The ESCB believes that it should be made clear that the tool could only be used for the future and follow the solution adopted in the context of the FSB. It is essential, however, that the write-down tool has a clearly (ex ante) defined legal framework, including transparent trigger conditions, in order to avoid legal uncertainty and market distortion. In this respect the bail in should not allow for discrimination among equally ranked creditors, in the sense of treating them differently without building this differentiation on objectively justified grounds, as this would conflict with the general principle of equal treatment and create legal uncertainty about the extent of creditor rights.
At present, the concrete ability of bail-in to achieve its stated purposes without unwarranted side-effects is hard to assess. The ESCB emphasizes the need to conduct accurate and detailed case studies that would shed light into the practical implications of bail-in. Realistic simulations are necessary to deliver a clear view on issues such as the feasibility of a rapid execution, the ability to respect the seniority waterfall in loss absorbency, the mechanics of conversion/write-down, etc.

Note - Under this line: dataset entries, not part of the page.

(* Let $k\ge1$ and let $X\in GL(2k,\mathbb F_2)$ be the permutation matrix of a product of disjoint transpositions of $[2k]$, each transposition exchanging an index in $\{1,\dots,k\}$ with an index in $\{k+1,\dots,2k\}$. Then $X$ is a product of matrices each of which is either an in-block factor $\mathrm{diag}(C_1,C_2)$ with $C_1,C_2\in GL(k,\mathbb F_2)$, or the codeblock exchange $\begin{pmatrix}0&I_k\\ I_k&0\end{pmatrix}$, or one of the transversal factors $\begin{pmatrix}I_k&I_k\\0&I_k\end{pmatrix}$, $\begin{pmatrix}I_k&0\\ I_k&I_k\end{pmatrix}$, with at most four transversal factors in total.
   Context: Setting: two codeblocks of a CSS code each encoding $k$ logical qubits; logical qubit $j$ of block $1$ has index $j$ and of block $2$ has index $k+j$. A logical CNOT/SWAP circuit is described by its action on $X$-type logical operators, a matrix in $GL(2k,\mathbb F_2)$, and composition is matrix multiplication. In-block factors and the codeblock exchange (relabelling of the two codeblocks) have zero physical cost; each transversal factor has physical depth one. *)

theory Defs
  imports "HOL-Library.Z2" "Jordan_Normal_Form.Matrix"
begin

text \<open>Matrices over F_2 are Jordan_Normal_Form matrices over the field bit.
  Indices are 0-based: block 1 is {0..<k}, block 2 is {k..<2k}.\<close>

definition perm_matrix :: "nat \<Rightarrow> (nat \<Rightarrow> nat) \<Rightarrow> bit mat" where
  "perm_matrix n \<sigma> = mat n n (\<lambda>(i, j). if i = \<sigma> j then 1 else 0)"

text \<open>A permutation of {0..<2k} that is a product of disjoint transpositions,
  each exchanging an index of block 1 with an index of block 2:
  an involution all of whose non-fixed points are moved across the blocks.\<close>
definition cross_transposition_product :: "nat \<Rightarrow> (nat \<Rightarrow> nat) \<Rightarrow> bool" where
  "cross_transposition_product k \<sigma> \<longleftrightarrow>
     \<sigma> permutes {..<2*k} \<and>
     (\<forall>i<2*k. \<sigma> (\<sigma> i) = i) \<and>
     (\<forall>i<2*k. \<sigma> i \<noteq> i \<longrightarrow> (i < k \<longleftrightarrow> k \<le> \<sigma> i))"

definition in_block_factors :: "nat \<Rightarrow> bit mat set" where
  "in_block_factors k = {four_block_mat C1 (0\<^sub>m k k) (0\<^sub>m k k) C2 | C1 C2.
      C1 \<in> carrier_mat k k \<and> C2 \<in> carrier_mat k k \<and> invertible_mat C1 \<and> invertible_mat C2}"

definition block_exchange :: "nat \<Rightarrow> bit mat" where
  "block_exchange k = four_block_mat (0\<^sub>m k k) (1\<^sub>m k) (1\<^sub>m k) (0\<^sub>m k k)"

definition transversal_upper :: "nat \<Rightarrow> bit mat" where
  "transversal_upper k = four_block_mat (1\<^sub>m k) (1\<^sub>m k) (0\<^sub>m k k) (1\<^sub>m k)"

definition transversal_lower :: "nat \<Rightarrow> bit mat" where
  "transversal_lower k = four_block_mat (1\<^sub>m k) (0\<^sub>m k k) (1\<^sub>m k) (1\<^sub>m k)"
lemma first_insert_level_1: "txs ! t = Ins \<sigma> \<Longrightarrow> ops_of t = OInsert i # rest \<Longrightarrow> i = 1"
proof (rule ccontr)
  assume ins: "txs ! t = Ins \<sigma>" and o: "ops_of t = OInsert i # rest" and i: "i \<noteq> 1"
  have oi: "OInsert i \<in> set (ops_of t)" using o by simp
  have mi: "matches \<sigma> i" "1 \<le> i" "i \<le> k" using OInsert_in_ops_iff[OF ins] oi by auto
  have "ORead (i - 1) \<in> set (ops_of t)" using ORead_in_ops_iff[OF ins] mi i by simp
  moreover have "sorted_wrt (\<lambda>a b. op_rank a < op_rank b) (OInsert i # rest)" using sorted_ops_of o by metis
  ultimately show False using o i mi by auto
qed

lemma insert_after_read:
  assumes it: "threads_inv c" and s: "thr c t = Some s" and top: "tops s = ORead l # OInsert i # rest" and i: "i \<noteq> 1"
  shows "i = Suc l"
proof -
  have "OInsert i \<in> set (ops_of t)" using set_tops_subset[OF it s] top by auto
  then have "1 \<le> i" using OInsert_in_opsD by blast
  then show ?thesis using read_before_insert[OF it s top i] i by auto
qed

lemma no_consecutive_inserts:
  assumes it: "threads_inv c" and s: "thr c t = Some s" and top: "tops s = OInsert i # OInsert i' # rest" and i: "i' \<noteq> 1"
  shows False
  using read_before_insert[OF it s top i] by simp

lemma deletes_done_before:
  assumes it: "threads_inv c" and s: "thr c t = Some s" and top: "tops s = ODelete j # rest"
  shows "op_done c t (ODelete l) \<longleftrightarrow> ODelete l \<in> set (ops_of t) \<and> l < j"
proof
  assume d: "op_done c t (ODelete l)"
  have "ODelete l \<in> set (ops_of t)" using op_done_D[OF d] by simp
  moreover have "l < j"
  proof (rule ccontr)
    assume "\<not> l < j"
    then have "l = j \<or> j < l" by auto
    then show False
    proof
      assume "l = j" then show False using next_op_not_done[OF it s top] d by simp
    next
      assume "j < l" then show False using op_not_done_after_next[OF it s top \<open>ODelete l \<in> set (ops_of t)\<close>] d by simp
    qed
  qed
  ultimately show "ODelete l \<in> set (ops_of t) \<and> l < j" by simp
next
  assume "ODelete l \<in> set (ops_of t) \<and> l < j"
  then show "op_done c t (ODelete l)" using op_done_before_next[OF it s top] by simp
qed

From a central banking perspective, further analysis is warranted for the financial stability implications raised by a large scale introduction of this approach. This instrument could prove crucial, within the risk management and resolution toolkit, in successfully avoiding externalities and spillover effects linked to the liquidation option under distressed market conditions. As such, it could contribute to the safeguard of financial stability. However, the innovative character of bail-inable debt raises potential significant risks, including concerns that its design and triggers may have destabilising effects on the financial sector (e.g. risks of higher market segmentation, debt fire-sales, and contagion effects). The FSB-sponsored work on the bail-in related issues is fully supported by the ESCB.

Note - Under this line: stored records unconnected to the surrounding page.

lemma upwinded_energy_le:
  fixes u v :: "real \<Rightarrow> real"
  assumes "\<alpha> > 0" "\<beta> > 0" "\<tau> > 0"
    and "piecewise_affine_grid \<tau> u" "upwinded_interpolant \<alpha> \<beta> \<tau> u v"
  shows "ennreal \<alpha> * L2_sq (deriv v) \<le> ennreal (\<beta> / 2) * H12_seminorm_sq u + ennreal \<alpha> * L2_sq (deriv u)"
proof -
  obtain A B :: "int \<Rightarrow> real"
    where u: "\<And>k. \<forall>t\<in>{real_of_int k * \<tau> .. (real_of_int k + 1) * \<tau>}. u t = A k + B k * t"
    using assms(4) unfolding piecewise_affine_grid_def by metis
  obtain c1 c2 :: "int \<Rightarrow> real"
    where v: "\<And>k. \<forall>t\<in>{real_of_int k * \<tau> .. (real_of_int k + 1) * \<tau>}. v t = c1 k + c2 k * exp (- \<beta> * t / \<alpha>)"
    using assms(5) unfolding upwinded_interpolant_def by metis
  have interp: "\<And>k. v (real_of_int k * \<tau>) = u (real_of_int k * \<tau>)"
    using assms(5) unfolding upwinded_interpolant_def by blast
  define H where "H x = (\<integral>\<^sup>+y. ennreal ((u x - u y)\<^sup>2 / (x - y)\<^sup>2) \<partial>lborel)" for x
  have [measurable]: "u \<in> borel_measurable borel"
    using assms(4) unfolding piecewise_affine_grid_def by (auto intro: borel_measurable_continuous_onI)
  have [measurable]: "H \<in> borel_measurable borel"
    unfolding H_def by (rule borel_measurable_H12_density) measurable
  have [measurable]: "deriv u \<in> borel_measurable borel"
  proof (rule borel_measurable_grid_piecewise[OF assms(3)])
    show "deriv u t = B k" if "t \<in> grid_cell \<tau> k" for k t
      using that unfolding grid_cell_def
      by (intro deriv_eq_on_interval[OF u]) (auto intro!: derivative_eq_intros)
  qed simp
  have [measurable]: "deriv v \<in> borel_measurable borel"
  proof (rule borel_measurable_grid_piecewise[OF assms(3)])
    show "deriv v t = c2 k * (exp (- \<beta> * t / \<alpha>) * (- \<beta> / \<alpha>))" if "t \<in> grid_cell \<tau> k" for k t
      using that assms(1) unfolding grid_cell_def
      by (intro deriv_eq_on_interval[OF v]) (auto intro!: derivative_eq_intros)
  qed simp
  have "ennreal \<alpha> * L2_sq (deriv v) = (\<integral>\<^sup>+t. ennreal \<alpha> * ennreal ((deriv v t)\<^sup>2) \<partial>lborel)"
    unfolding L2_sq_def by (simp add: nn_integral_cmult)
  also have "\<dots> \<le> (\<integral>\<^sup>+t. ennreal (\<beta> / 2) * H t + ennreal \<alpha> * ennreal ((deriv u t)\<^sup>2) \<partial>lborel)"
  proof (rule nn_integral_mono_grid_cells[OF assms(3)])
    fix k
    have "v ((real_of_int k + 1) * \<tau>) = u ((real_of_int k + 1) * \<tau>)"
      using interp[of "k + 1"] by simp
    then show "(\<integral>\<^sup>+t\<in>grid_cell \<tau> k. ennreal \<alpha> * ennreal ((deriv v t)\<^sup>2) \<partial>lborel)
        \<le> (\<integral>\<^sup>+t\<in>grid_cell \<tau> k. ennreal (\<beta> / 2) * H t + ennreal \<alpha> * ennreal ((deriv u t)\<^sup>2) \<partial>lborel)"
      unfolding grid_cell_def H_def using assms(1-3)
      by (intro upwinded_cell_energy_le[OF _ _ _ _ _ _ u v interp]) simp_all
  qed measurable
  also have "\<dots> = ennreal (\<beta> / 2) * H12_seminorm_sq u + ennreal \<alpha> * L2_sq (deriv u)"
    unfolding H12_seminorm_sq_def L2_sq_def H_def by (simp add: nn_integral_add nn_integral_cmult)
  finally show ?thesis .
qed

(v) Derogations from shareholder rights under the EU company law directives
The ESCB considers that a number of EU company law related directives, particularly the 2nd Company law, Takeover bids and Shareholder rights directives contain certain shareholder rights provisions which are obstructive to efficient bank restructuring. The EU framework on bank recovery and resolution should include a set of derogations from these shareholder rights for credit institutions, which are undergoing restructuring.